section \<open>Unions of products\<close>

lemma vec_product_Un_eq_iff:
  fixes S1 S2 :: "'n::finite \<Rightarrow> 'a set"
  assumes "\<forall>i. S1 i \<noteq> {}"
  shows "vec_product (\<lambda>i. S1 i \<union> S2 i) = vec_product S1 \<union> vec_product S2
    \<longleftrightarrow> (\<forall>i j. i \<noteq> j \<longrightarrow> S1 i \<subseteq> S2 i \<or> S2 j \<subseteq> S1 j)"
proof
  assume eq: "vec_product (\<lambda>i. S1 i \<union> S2 i) = vec_product S1 \<union> vec_product S2"
  show "\<forall>i j. i \<noteq> j \<longrightarrow> S1 i \<subseteq> S2 i \<or> S2 j \<subseteq> S1 j"
  proof (intro allI impI, rule ccontr)
    fix i j assume "i \<noteq> j" "\<not> (S1 i \<subseteq> S2 i \<or> S2 j \<subseteq> S1 j)"
    then obtain a b where a: "a \<in> S1 i" "a \<notin> S2 i" and b: "b \<in> S2 j" "b \<notin> S1 j" by blast
    define x :: "'a^'n" where "x = (\<chi> k. if k = i then a else if k = j then b else SOME s. s \<in> S1 k)"
    have "x $ k \<in> S1 k \<union> S2 k" for k
      using a(1) b(1) assms some_in_eq[of "S1 k"] unfolding x_def by auto
    then have "x \<in> vec_product S1 \<union> vec_product S2"
      unfolding eq[symmetric] by simp
    moreover have "x $ i = a" "x $ j = b" using \<open>i \<noteq> j\<close> unfolding x_def by auto
    ultimately show False using a(2) b(2) by auto
  qed
next
  assume split: "\<forall>i j. i \<noteq> j \<longrightarrow> S1 i \<subseteq> S2 i \<or> S2 j \<subseteq> S1 j"
  have "x \<in> vec_product S1 \<union> vec_product S2" if x: "\<forall>k. x $ k \<in> S1 k \<union> S2 k" for x
  proof (rule ccontr)
    assume "x \<notin> vec_product S1 \<union> vec_product S2"
    then obtain i j where i: "x $ i \<notin> S1 i" and j: "x $ j \<notin> S2 j" by auto
    then have "i \<noteq> j" "x $ i \<in> S2 i" "x $ j \<in> S1 j" using x by blast+
    then show False using split[rule_format, of j i] i j by blast
  qed
  then show "vec_product (\<lambda>i. S1 i \<union> S2 i) = vec_product S1 \<union> vec_product S2"
    unfolding vec_product_def by blast
qed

# # # # # # #

* Work request
Where the string "using" appears in a line of the listing, copy that line.

* Your response
      using a(1) b(1) assms some_in_eq[of "S1 k"] unfolding x_def by auto
    moreover have "x $ i = a" "x $ j = b" using \<open>i \<noteq> j\<close> unfolding x_def by auto
    ultimately show False using a(2) b(2) by auto
    then have "i \<noteq> j" "x $ i \<in> S2 i" "x $ j \<in> S1 j" using x by blast+
    then show False using split[rule_format, of j i] i j by blast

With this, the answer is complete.